● LISTED RECORDS
(* Let $\mathcal{M}=(E,\rho)$ be a $q$-matroid, $E_1=\mathrm{cyc}(E)$, and $E_2\le E$ with $E_1\oplus E_2=E$. Let $\mathcal{M}_i=\mathcal{M}|_{E_i}$ for $i=1,2$. Then (a) $\mathcal{M}_2$ is the free $q$-matroid on $E_2$; (b) $\mathcal{Z}(\mathcal{M})=\mathcal{Z}(\mathcal{M}_1)$; (c) $\mathcal{M}=\mathcal{M}_1\oplus\mathcal{M}_2$.
   Context: Let $\mathbb{F}=\mathbb{F}_q$. A $q$-matroid is $\mathcal{M}=(E,\rho)$, $E$ a finite-dimensional $\mathbb{F}$-vector space, $\rho$ from subspaces to $\mathbb{Z}_{\ge0}$ with $0\le\rho(V)\le\dim V$, monotone and submodular. The restriction $\mathcal{M}|_X$ is $(X,\rho|_{\mathcal{L}(X)})$. Free $q$-matroid on $E_2$: $\rho(V)=\dim V$ for all $V\le E_2$. Flat: $\rho(F+\langle x\rangle)>\rho(F)$ for all $x\notin F$. Cyclic core: $\mathrm{cyc}(V)=\{x\in V\mid\rho(W)=\rho(V)\text{ for all }W\le V\text{ with }W+\langle x\rangle=V\}$; cyclic: $\mathrm{cyc}(V)=V$; $\mathcal{Z}(\mathcal{M})$: the set of cyclic flats. $\mathcal{M}=\mathcal{M}_1\oplus\mathcal{M}_2$ means $E=E_1\oplus E_2$ and $\rho(V)=\dim V+\min_{X\le V}(\rho_1(\pi_1(X))+\rho_2(\pi_2(X))-\dim X)$ for all $V$, where $\rho_i$ is the rank function of $\mathcal{M}_i$ and $\pi_i:E\to E_i$ the projections. *)

theory Defs
  imports Complex_Main
begin

text \<open>Vector spaces over a field 'f are given by a scalar multiplication
  scale :: 'f => 'v => 'v satisfying the locale vector_space.
  The ambient space E of a q-matroid is a finite-dimensional subspace (a set of vectors),
  its subspaces are the subspaces of the vector space contained in E.\<close>

definition qsubsp :: "('f::field \<Rightarrow> 'v::ab_group_add \<Rightarrow> 'v) \<Rightarrow> 'v set \<Rightarrow> 'v set \<Rightarrow> bool" where
  "qsubsp scale E V \<longleftrightarrow> module.subspace scale V \<and> V \<subseteq> E"
(* Assume that, under model $M_j$ (true rank $k=j$), the top eigenvalues $\ell_1\ge\ell_2\ge\cdots$ of $X$ satisfy $\ell_i \to \psi_{\sigma}(\lambda_i)$ almost surely for $1 \le i \le j$ and $\ell_i \to 2\sigma$ almost surely for $j < i \le q$, where $\psi_\sigma(x)=x+\sigma^2/x$, and moreover that for any fixed $i>j$, $N^{2/3}(\ell_i - 2\sigma)$ converges in distribution to the GOE Tracy–Widom distribution of order $i-j$. Let $\delta_N$ be a sequence such that $\delta_N \to 0$ and $\delta_N \gg N^{-2/3}$. Then, under the assumption that $q$ and the eigenvalues of $A$ are fixed (do not change with $N$), $\hat{k}_{2 + \delta_N}$ is weakly consistent for $k$, i.e. $\mathbb{P}(\hat{k}_{2 + \delta_N} = k) \to 1$. This is true regardless of whether $\sigma$ is known or unknown.
   Context: Spiked GOE model $X = A + \sigma G$, where $G$ is an $N\times N$ GOE matrix (symmetric, upper-diagonal entries i.i.d. $\mathcal N(0,1/N)$, diagonal entries i.i.d. $\mathcal N(0,2/N)$), and $A=\sum_{i=1}^k\lambda_i u_iu_i^\top$ is positive semi-definite of rank $k$ with $\lambda_1\ge\cdots\ge\lambda_k>\sigma$. Let $\ell_1\ge\cdots\ge\ell_N$ be the eigenvalues of $X$. Candidate models $M_0,\dots,M_q$, where under $M_j$ the rank is $j$. The generalised AIC scores are: for known $\sigma$, $\mathrm{GAIC}_\gamma(j) = -2\log C_N + \frac{N(N+1)}{2}\log\sigma^2 + \frac{N}{2\sigma^2}\sum_{i>j}\ell_i^2 + \gamma\big(Nj - \frac{j(j-1)}{2}\big)$; for unknown $\sigma$, with $\hat{\sigma}^2_j = \frac{1}{N+1}\sum_{i>j}\ell_i^2$, $\mathrm{GAIC}_\gamma(j) = -2\log C_N + \frac{N(N+1)}{2}\log\hat\sigma^2_j + \frac{N}{2\hat\sigma^2_j}\sum_{i>j}\ell_i^2 + \gamma\big(1+Nj - \frac{j(j-1)}{2}\big)$, where $C_N$ is a normalising constant. The estimator $\hat k_\gamma$ is the minimiser of $\mathrm{GAIC}_\gamma(j)$ over $j\in\{0,1,\dots,q\}$; here $\gamma=2+\delta_N$. *)

theory Defs
  imports "HOL-Probability.Probability" "Jordan_Normal_Form.Char_Poly"
begin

● BRIEF
Please give the full set of data again exactly.

● OUTPUT OF THE TASK
(* Let $\mathcal{M}=(E,\rho)$ be a $q$-matroid, $E_1=\mathrm{cyc}(E)$, and $E_2\le E$ with $E_1\oplus E_2=E$. Let $\mathcal{M}_i=\mathcal{M}|_{E_i}$ for $i=1,2$. Then (a) $\mathcal{M}_2$ is the free $q$-matroid on $E_2$; (b) $\mathcal{Z}(\mathcal{M})=\mathcal{Z}(\mathcal{M}_1)$; (c) $\mathcal{M}=\mathcal{M}_1\oplus\mathcal{M}_2$.
   Context: Let $\mathbb{F}=\mathbb{F}_q$. A $q$-matroid is $\mathcal{M}=(E,\rho)$, $E$ a finite-dimensional $\mathbb{F}$-vector space, $\rho$ from subspaces to $\mathbb{Z}_{\ge0}$ with $0\le\rho(V)\le\dim V$, monotone and submodular. The restriction $\mathcal{M}|_X$ is $(X,\rho|_{\mathcal{L}(X)})$. Free $q$-matroid on $E_2$: $\rho(V)=\dim V$ for all $V\le E_2$. Flat: $\rho(F+\langle x\rangle)>\rho(F)$ for all $x\notin F$. Cyclic core: $\mathrm{cyc}(V)=\{x\in V\mid\rho(W)=\rho(V)\text{ for all }W\le V\text{ with }W+\langle x\rangle=V\}$; cyclic: $\mathrm{cyc}(V)=V$; $\mathcal{Z}(\mathcal{M})$: the set of cyclic flats. $\mathcal{M}=\mathcal{M}_1\oplus\mathcal{M}_2$ means $E=E_1\oplus E_2$ and $\rho(V)=\dim V+\min_{X\le V}(\rho_1(\pi_1(X))+\rho_2(\pi_2(X))-\dim X)$ for all $V$, where $\rho_i$ is the rank function of $\mathcal{M}_i$ and $\pi_i:E\to E_i$ the projections. *)

theory Defs
  imports Complex_Main
begin

text \<open>Vector spaces over a field 'f are given by a scalar multiplication
  scale :: 'f => 'v => 'v satisfying the locale vector_space.
  The ambient space E of a q-matroid is a finite-dimensional subspace (a set of vectors),
  its subspaces are the subspaces of the vector space contained in E.\<close>

definition qsubsp :: "('f::field \<Rightarrow> 'v::ab_group_add \<Rightarrow> 'v) \<Rightarrow> 'v set \<Rightarrow> 'v set \<Rightarrow> bool" where
  "qsubsp scale E V \<longleftrightarrow> module.subspace scale V \<and> V \<subseteq> E"
(* Assume that, under model $M_j$ (true rank $k=j$), the top eigenvalues $\ell_1\ge\ell_2\ge\cdots$ of $X$ satisfy $\ell_i \to \psi_{\sigma}(\lambda_i)$ almost surely for $1 \le i \le j$ and $\ell_i \to 2\sigma$ almost surely for $j < i \le q$, where $\psi_\sigma(x)=x+\sigma^2/x$, and moreover that for any fixed $i>j$, $N^{2/3}(\ell_i - 2\sigma)$ converges in distribution to the GOE Tracy–Widom distribution of order $i-j$. Let $\delta_N$ be a sequence such that $\delta_N \to 0$ and $\delta_N \gg N^{-2/3}$. Then, under the assumption that $q$ and the eigenvalues of $A$ are fixed (do not change with $N$), $\hat{k}_{2 + \delta_N}$ is weakly consistent for $k$, i.e. $\mathbb{P}(\hat{k}_{2 + \delta_N} = k) \to 1$. This is true regardless of whether $\sigma$ is known or unknown.
   Context: Spiked GOE model $X = A + \sigma G$, where $G$ is an $N\times N$ GOE matrix (symmetric, upper-diagonal entries i.i.d. $\mathcal N(0,1/N)$, diagonal entries i.i.d. $\mathcal N(0,2/N)$), and $A=\sum_{i=1}^k\lambda_i u_iu_i^\top$ is positive semi-definite of rank $k$ with $\lambda_1\ge\cdots\ge\lambda_k>\sigma$. Let $\ell_1\ge\cdots\ge\ell_N$ be the eigenvalues of $X$. Candidate models $M_0,\dots,M_q$, where under $M_j$ the rank is $j$. The generalised AIC scores are: for known $\sigma$, $\mathrm{GAIC}_\gamma(j) = -2\log C_N + \frac{N(N+1)}{2}\log\sigma^2 + \frac{N}{2\sigma^2}\sum_{i>j}\ell_i^2 + \gamma\big(Nj - \frac{j(j-1)}{2}\big)$; for unknown $\sigma$, with $\hat{\sigma}^2_j = \frac{1}{N+1}\sum_{i>j}\ell_i^2$, $\mathrm{GAIC}_\gamma(j) = -2\log C_N + \frac{N(N+1)}{2}\log\hat\sigma^2_j + \frac{N}{2\hat\sigma^2_j}\sum_{i>j}\ell_i^2 + \gamma\big(1+Nj - \frac{j(j-1)}{2}\big)$, where $C_N$ is a normalising constant. The estimator $\hat k_\gamma$ is the minimiser of $\mathrm{GAIC}_\gamma(j)$ over $j\in\{0,1,\dots,q\}$; here $\gamma=2+\delta_N$. *)

theory Defs
  imports "HOL-Probability.Probability" "Jordan_Normal_Form.Char_Poly"
begin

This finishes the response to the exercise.